A 7-year-old girl from Shendi City, River Nile State (Figure 1) presented on September 16, 2024, with a 3-day history of fever, cough, acute watery diarrhea, and vomiting with signs of dehydration. In significant quantities, the watery diarrhea was notable for its absence of blood or mucus and the lack of associated abdominal pain. She had low blood pressure (BP) of 95/56 mmHg and tachycardia. Vibrio cholerae O1 had a positive ICT.

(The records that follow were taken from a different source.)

lemma threshold_definable_exact_type:
  assumes "finite S" "A \<subseteq> S"
  shows "threshold_definable S (exact_type S A)"
proof -
  define a where "a f = (if f \<in> A then 1 else - 1 :: int)" for f
  have "exact_type S A G u \<longleftrightarrow> 0 \<le> - int (card A) + (\<Sum>f\<in>S. a f * of_bool (f G u))" for G u
  proof -
    have "- int (card A) + (\<Sum>f\<in>S. a f * of_bool (f G u)) = (\<Sum>f\<in>S. a f * of_bool (f G u) - of_bool (f \<in> A))"
      using assms by (simp add: sum_subtractf Int_absorb1)
    also have "\<dots> = - (\<Sum>f\<in>S. of_bool (f G u \<noteq> (f \<in> A)))"
      by (simp add: sum_negf[symmetric] a_def) (rule sum.cong; auto)
    also have "\<dots> = - int (card {f \<in> S. f G u \<noteq> (f \<in> A)})"
      using assms(1) by (simp add: Int_def)
    finally have mismatches: "- int (card A) + (\<Sum>f\<in>S. a f * of_bool (f G u))
        = - int (card {f \<in> S. f G u \<noteq> (f \<in> A)})" .
    have "exact_type S A G u \<longleftrightarrow> {f \<in> S. f G u \<noteq> (f \<in> A)} = {}"
      unfolding exact_type_def by auto
    with mismatches show ?thesis
      using assms(1) by simp
  qed
  then show ?thesis by (rule threshold_definable_local)
qed

lemma exact_type_eq_of_holds:
  assumes "A \<subseteq> S" "exact_type S A G u"
  shows "A = {f \<in> S. f G u}"
  using assms unfolding exact_type_def by blast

Fig 1: The following hospitals and clinics receive cholera cases in Shendi City, Sudan: Shendi Hospital (Al Hawadeth), Shendi Educational Hospital, and Mac Nemir University Hospital. The River Nile State in Sudan is depicted in the top inset (black shading), and the Shendi City cholera cases are shown in the bottom inset (black shading).

Methods

A stool sample was taken and sent to the lab for analysis. The patient's ICT Vibrio cholerae O1 test result was positive, indicating that cholera had been contracted. The stool sample returned negative for the intestinal parasite Entamoeba histolytica, a significant finding that rules out this potential complication. The Vibrio cholerae O1 test on the ICT showed a positive result, indicating that cholera was now present. Laboratory results also showed relative neutrophilia, anemia, and leukocytosis. The negative result for malaria in the peripheral blood smear is a significant finding that should relieve the patient's condition. Table 1 displays the specifics of the conclusions of the lab investigation.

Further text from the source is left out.